(* Let the filtered space and outer-measure notation be as in the context. Let $I_0\in\mathscr D$ and let $h$ be a positive function on $I_0$ with $h,h^{-1}\in L^1(I_0,\nu)$. Define $H$ on $\mathscr D$ by $H(I)=1/\langle h^{-1}\rangle_I$ if $I\in\mathscr D(I_0)$ and $H(I)=0$ otherwise. Then $H\in L^1(\mathscr D,S^\infty)$ and $$\|H\|_{L^1(\mathscr D,S^\infty)}\le 2\|h\|_{L^1(\nu)} .$$
   Context: $(\mathcal X,\mathfrak S,\nu)$ is a $\sigma$-finite measure space with a filtration $(\mathfrak S_n)_{n\in\mathbb Z}$ of atomic $\sigma$-algebras, $\mathfrak S_n\subset\mathfrak S_{n+1}$; $\mathscr D_n$ is the countable disjoint family of atoms (of positive measure) of $\mathfrak S_n$ and $\mathscr D=\bigcup_n\mathscr D_n$; $\mathscr D(I)=\{I'\in\mathscr D:I'\subset I\}$; $|I|=\nu(I)$, $\langle f\rangle_I=|I|^{-1}\int_I f\,d\nu$. Outer measure: $\nu^*(\mathscr D(I))=\nu(I)$ for $I\in\mathscr D$, and for $\mathcal A\subset\mathscr D$, $\nu^*(\mathcal A)=\inf\sum_{I\in\mathcal K}\nu(I)$ over all $\mathcal K\subset\mathscr D$ with $\mathcal A\subset\bigcup_{I\in\mathcal K}\mathscr D(I)$. For $F:\mathscr D\to\mathbb C$, the size is $S^\infty F(\mathscr D(I))=\sup_{I'\in\mathscr D(I)}|F(I')|$. For $\lambda>0$, $\nu^*(S^\infty F>\lambda)=\inf\{\nu^*(\mathcal G):\mathcal G\subset\mathscr D,\ S^\infty(F\mathbf 1_{\mathscr D\setminus\mathcal G})(\mathscr D(I))\le\lambda\ \forall I\in\mathscr D\}$, and $\|F\|_{L^p(\mathscr D,S^\infty)}=\big(p\int_0^\infty\lambda^{p-1}\nu^*(S^\infty F>\lambda)\,d\lambda\big)^{1/p}$; $L^p(\mathscr D,S^\infty)$ is the set of $F$ with finite norm. *)

theory Defs
  imports "HOL-Analysis.Analysis"
begin

definition is_atom :: "'a set set \<Rightarrow> 'a set \<Rightarrow> bool" where
  "is_atom S A \<longleftrightarrow> A \<in> S \<and> A \<noteq> {} \<and> (\<forall>B\<in>S. B \<subseteq> A \<longrightarrow> B = {} \<or> B = A)"

definition atomic_sigma :: "'a measure \<Rightarrow> 'a set set \<Rightarrow> bool" where
  "atomic_sigma M S \<longleftrightarrow> sigma_algebra (space M) S \<and> S \<subseteq> sets M \<and>
     (\<forall>x\<in>space M. \<exists>A. is_atom S A \<and> x \<in> A)"

definition atoms :: "'a measure \<Rightarrow> (int \<Rightarrow> 'a set set) \<Rightarrow> int \<Rightarrow> 'a set set" where
  "atoms M S n = {A. is_atom (S n) A \<and> emeasure M A > 0}"

text \<open>Standing assumptions: sigma-finite measure space, filtration of atomic sigma-algebras
  indexed by the integers, countably many atoms of positive measure at each level,
  each of finite measure (so that averages make sense).\<close>
definition atomic_filtration :: "'a measure \<Rightarrow> (int \<Rightarrow> 'a set set) \<Rightarrow> bool" where
  "atomic_filtration M S \<longleftrightarrow> sigma_finite_measure M \<and>
     (\<forall>n. atomic_sigma M (S n)) \<and> (\<forall>n. S n \<subseteq> S (n + 1)) \<and>
     (\<forall>n. countable (atoms M S n)) \<and>
     (\<forall>n. \<forall>I\<in>atoms M S n. emeasure M I < \<infinity>)"

definition dyad :: "'a measure \<Rightarrow> (int \<Rightarrow> 'a set set) \<Rightarrow> 'a set set" where
  "dyad M S = (\<Union>n. atoms M S n)"

definition tree :: "'a measure \<Rightarrow> (int \<Rightarrow> 'a set set) \<Rightarrow> 'a set \<Rightarrow> 'a set set" where
  "tree M S I = {I' \<in> dyad M S. I' \<subseteq> I}"

definition avg :: "'a measure \<Rightarrow> ('a \<Rightarrow> real) \<Rightarrow> 'a set \<Rightarrow> real" where
  "avg M f I = (1 / measure M I) * (LINT x:I|M. f x)"

text \<open>Sum of nonnegative (extended) terms over a possibly infinite family: sup of finite sums.\<close>
definition outer_measure :: "'a measure \<Rightarrow> (int \<Rightarrow> 'a set set) \<Rightarrow> 'a set set \<Rightarrow> ennreal" where
  "outer_measure M S A =
     (INF K \<in> {K. K \<subseteq> dyad M S \<and> A \<subseteq> (\<Union>I\<in>K. tree M S I)}.
        (SUP K' \<in> {K'. finite K' \<and> K' \<subseteq> K}. \<Sum>I\<in>K'. emeasure M I))"

definition size_inf :: "'a measure \<Rightarrow> (int \<Rightarrow> 'a set set) \<Rightarrow> ('a set \<Rightarrow> complex) \<Rightarrow> 'a set \<Rightarrow> ennreal" where
  "size_inf M S F I = (SUP I' \<in> tree M S I. ennreal (norm (F I')))"

definition superlevel :: "'a measure \<Rightarrow> (int \<Rightarrow> 'a set set) \<Rightarrow> ('a set \<Rightarrow> complex) \<Rightarrow> real \<Rightarrow> ennreal" where
  "superlevel M S F t =
     (INF G \<in> {G. G \<subseteq> dyad M S \<and>
        (\<forall>I\<in>dyad M S. size_inf M S (\<lambda>J. if J \<in> dyad M S - G then F J else 0) I \<le> ennreal t)}.
        outer_measure M S G)"

definition outer_Lp_integral :: "real \<Rightarrow> 'a measure \<Rightarrow> (int \<Rightarrow> 'a set set) \<Rightarrow> ('a set \<Rightarrow> complex) \<Rightarrow> ennreal" where
  "outer_Lp_integral p M S F =
     (\<integral>\<^sup>+ t. indicator {0<..} t * ennreal (p * t powr (p - 1)) * superlevel M S F t \<partial>lborel)"

definition outer_Lp_norm :: "real \<Rightarrow> 'a measure \<Rightarrow> (int \<Rightarrow> 'a set set) \<Rightarrow> ('a set \<Rightarrow> complex) \<Rightarrow> ennreal" where
  "outer_Lp_norm p M S F =
     (if outer_Lp_integral p M S F = \<infinity> then \<infinity>
      else ennreal (enn2real (outer_Lp_integral p M S F) powr (1 / p)))"

definition outer_Lp :: "real \<Rightarrow> 'a measure \<Rightarrow> (int \<Rightarrow> 'a set set) \<Rightarrow> ('a set \<Rightarrow> complex) set" where
  "outer_Lp p M S = {F. outer_Lp_norm p M S F < \<infinity>}"

end

theory Submission
  imports Defs
begin

text \<open>Fix \<open>t > 0\<close> and let \<open>G\<close> be the atoms \<open>I \<subseteq> I0\<close> with \<open>1 / \<langle>h\<^sup>-\<^sup>1\<rangle>\<^sub>I > t\<close>.
  Outside \<open>G\<close> the size of \<open>H\<close> is at most \<open>t\<close>, so \<open>\<nu>*(S\<^sup>\<infinity>H > t)\<close> is bounded by the
  total measure of the maximal atoms of \<open>G\<close>, which are pairwise disjoint. On such an atom
  \<open>\<integral>\<^sub>I t/(2h) < |I|/2\<close>, and since \<open>1 \<le> (1 - t/(2h))\<^sub>+ + t/(2h)\<close> pointwise,
  \<open>|I| \<le> 2 \<integral>\<^sub>I (1 - t/(2h))\<^sub>+\<close>. Hence \<open>\<nu>*(S\<^sup>\<infinity>H > t) \<le> 2 \<integral>\<^sub>I\<^sub>0 (1 - t/(2h))\<^sub>+\<close>,
  and integrating over \<open>t > 0\<close> with Tonelli gives \<open>2 \<integral>\<^sub>I\<^sub>0 h\<close>, because
  \<open>\<integral>\<^sub>0\<^sup>\<infinity> (1 - t/(2c))\<^sub>+ dt = c\<close>.\<close>

lemma atomic_filtration_mono:
  assumes "atomic_filtration M S" "m \<le> n"
  shows "S m \<subseteq> S n"
  using assms(2)
proof (induction n rule: int_ge_induct)
  case (step n)
  then show ?case
    using assms(1) unfolding atomic_filtration_def by blast
qed simp

lemma atomic_filtration_sigma_algebra:
  assumes "atomic_filtration M S"
  shows "sigma_algebra (space M) (S n)"
  using assms unfolding atomic_filtration_def atomic_sigma_def by blast

lemma atomsD:
  assumes "atomic_filtration M S" "I \<in> atoms M S n"
  shows "is_atom (S n) I" "I \<in> sets M" "I \<noteq> {}" "emeasure M I < \<infinity>"
  using assms unfolding atomic_filtration_def atoms_def is_atom_def atomic_sigma_def by auto

lemma dyadD:
  assumes "atomic_filtration M S" "I \<in> dyad M S"
  shows "I \<in> sets M" "emeasure M I < \<infinity>"
proof -
  obtain n where "I \<in> atoms M S n" using assms(2) unfolding dyad_def by blast
  then show "I \<in> sets M" "emeasure M I < \<infinity>" using atomsD[OF assms(1)] by simp_all
qed

lemma atom_subset_or_disjoint:
  assumes "sigma_algebra \<Omega> A" "is_atom A I" "B \<in> A"
  shows "I \<subseteq> B \<or> I \<inter> B = {}"
proof -
  interpret sigma_algebra \<Omega> A by fact
  have "B \<inter> I \<in> A" using assms(2,3) unfolding is_atom_def by blast
  then have "B \<inter> I = {} \<or> B \<inter> I = I" using assms(2) unfolding is_atom_def by blast
  then show ?thesis by blast
qed

lemma atoms_nested_or_disjoint:
  assumes af: "atomic_filtration M S" and I: "I \<in> atoms M S n" and J: "J \<in> atoms M S m"
    and "n \<le> m"
  shows "J \<subseteq> I \<or> I \<inter> J = {}"
proof -
  have "I \<in> S m"
    using atomic_filtration_mono[OF af \<open>n \<le> m\<close>] atomsD(1)[OF af I] unfolding is_atom_def by blast
  then have "J \<subseteq> I \<or> J \<inter> I = {}"
    by (rule atom_subset_or_disjoint[OF atomic_filtration_sigma_algebra[OF af] atomsD(1)[OF af J]])
  then show ?thesis by blast
qed

lemma dyad_nested_or_disjoint:
  assumes af: "atomic_filtration M S" and "I \<in> dyad M S" "J \<in> dyad M S"
  shows "I \<subseteq> J \<or> J \<subseteq> I \<or> I \<inter> J = {}"
proof -
  obtain n m where n: "I \<in> atoms M S n" and m: "J \<in> atoms M S m"
    using assms unfolding dyad_def by blast
  show ?thesis
  proof (cases "n \<le> m")
    case True
    then show ?thesis using atoms_nested_or_disjoint[OF af n m] by blast
  next
    case False
    then have "m \<le> n" by simp
    then show ?thesis using atoms_nested_or_disjoint[OF af m n] by blast
  qed
qed

text \<open>Between the levels of \<open>I0\<close> and of \<open>I\<close>, each level contributes at most one atom
  containing a fixed point of \<open>I\<close>.\<close>
lemma finite_dyad_ancestors:
  assumes af: "atomic_filtration M S" and I0: "I0 \<in> dyad M S" and I: "I \<in> tree M S I0"
  shows "finite {J \<in> tree M S I0. I \<subseteq> J}"
proof -
  obtain n0 where n0: "I0 \<in> atoms M S n0" using I0 unfolding dyad_def by blast
  obtain k where k: "I \<in> atoms M S k" using I unfolding tree_def dyad_def by blast
  obtain x where x: "x \<in> I" using atomsD(3)[OF af k] by blast
  define atom_at where "atom_at m = (SOME A. is_atom (S m) A \<and> x \<in> A)" for m
  have "{J \<in> tree M S I0. I \<subseteq> J} \<subseteq> {I0, I} \<union> atom_at ` {n0<..<k}"
  proof
    fix J assume "J \<in> {J \<in> tree M S I0. I \<subseteq> J}"
    then obtain m where m: "J \<in> atoms M S m" and "J \<subseteq> I0" "I \<subseteq> J"
      unfolding tree_def dyad_def by blast
    consider "m \<le> n0" | "k \<le> m" | "n0 < m" "m < k" by linarith
    then show "J \<in> {I0, I} \<union> atom_at ` {n0<..<k}"
    proof cases
      case 1
      then have "I0 \<subseteq> J \<or> J \<inter> I0 = {}" by (rule atoms_nested_or_disjoint[OF af m n0])
      then have "J = I0" using atomsD(3)[OF af m] \<open>J \<subseteq> I0\<close> by blast
      then show ?thesis by simp
    next
      case 2
      then have "J \<subseteq> I \<or> I \<inter> J = {}" by (rule atoms_nested_or_disjoint[OF af k m])
      then have "J = I" using x \<open>I \<subseteq> J\<close> by blast
      then show ?thesis by simp
    next
      case 3
      have J_atom: "is_atom (S m) J \<and> x \<in> J" using atomsD(1)[OF af m] x \<open>I \<subseteq> J\<close> by blast
      then have A_atom: "is_atom (S m) (atom_at m) \<and> x \<in> atom_at m"
        unfolding atom_at_def by (rule someI)
      have sa: "sigma_algebra (space M) (S m)" by (rule atomic_filtration_sigma_algebra[OF af])
      have "atom_at m \<in> S m" using A_atom unfolding is_atom_def by blast
      then have "J \<subseteq> atom_at m"
        using atom_subset_or_disjoint[OF sa] J_atom A_atom by blast
      moreover have "J \<in> S m" using J_atom unfolding is_atom_def by blast
      then have "atom_at m \<subseteq> J"
        using atom_subset_or_disjoint[OF sa] J_atom A_atom by blast
      ultimately show ?thesis using 3 by auto
    qed
  qed
  then show ?thesis by (rule finite_subset) simp
qed

definition maximal_sets :: "'a set set \<Rightarrow> 'a set set" where
  "maximal_sets G = {J \<in> G. \<forall>J'\<in>G. J \<subseteq> J' \<longrightarrow> J' = J}"

lemma dyad_maximal_cover:
  assumes af: "atomic_filtration M S" and I0: "I0 \<in> dyad M S"
    and G: "G \<subseteq> tree M S I0" and I: "I \<in> G"
  obtains J where "J \<in> maximal_sets G" "I \<subseteq> J"
proof -
  let ?C = "{J \<in> G. I \<subseteq> J}"
  have "finite ?C"
    by (rule finite_subset[OF _ finite_dyad_ancestors[OF af I0, of I]]) (use G I in auto)
  moreover have "?C \<noteq> {}" using I by blast
  ultimately obtain J where J: "J \<in> ?C" and max: "\<And>J'. J' \<in> ?C \<Longrightarrow> J \<subseteq> J' \<Longrightarrow> J = J'"
    using finite_has_maximal[of ?C] by metis
  have "J \<in> maximal_sets G"
    unfolding maximal_sets_def using J max by fastforce
  then show ?thesis using that J by blast
qed

lemma disjoint_maximal_sets:
  assumes af: "atomic_filtration M S" and "G \<subseteq> dyad M S"
  shows "disjoint (maximal_sets G)"
proof (rule disjointI)
  fix I J assume I: "I \<in> maximal_sets G" and J: "J \<in> maximal_sets G" and "I \<noteq> J"
  then have "\<not> I \<subseteq> J" "\<not> J \<subseteq> I" unfolding maximal_sets_def by blast+
  moreover have "I \<in> dyad M S" "J \<in> dyad M S"
    using I J assms(2) unfolding maximal_sets_def by blast+
  ultimately show "I \<inter> J = {}" using dyad_nested_or_disjoint[OF af] by blast
qed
================
# Task brief
In the listing above, find the line with "fix J assume" and the line with "m] x \<open>I \<subseteq> J\<close> by blast", then print exactly those two lines and every line between them, and nothing more.

# Solution
    fix J assume "J \<in> {J \<in> tree M S I0. I \<subseteq> J}"
    then obtain m where m: "J \<in> atoms M S m" and "J \<subseteq> I0" "I \<subseteq> J"
      unfolding tree_def dyad_def by blast
    consider "m \<le> n0" | "k \<le> m" | "n0 < m" "m < k" by linarith
    then show "J \<in> {I0, I} \<union> atom_at ` {n0<..<k}"
    proof cases
      case 1
      then have "I0 \<subseteq> J \<or> J \<inter> I0 = {}" by (rule atoms_nested_or_disjoint[OF af m n0])
      then have "J = I0" using atomsD(3)[OF af m] \<open>J \<subseteq> I0\<close> by blast
      then show ?thesis by simp
    next
      case 2
      then have "J \<subseteq> I \<or> I \<inter> J = {}" by (rule atoms_nested_or_disjoint[OF af k m])
      then have "J = I" using x \<open>I \<subseteq> J\<close> by blast
      then show ?thesis by simp
    next
      case 3
      have J_atom: "is_atom (S m) J \<and> x \<in> J" using atomsD(1)[OF af m] x \<open>I \<subseteq> J\<close> by blast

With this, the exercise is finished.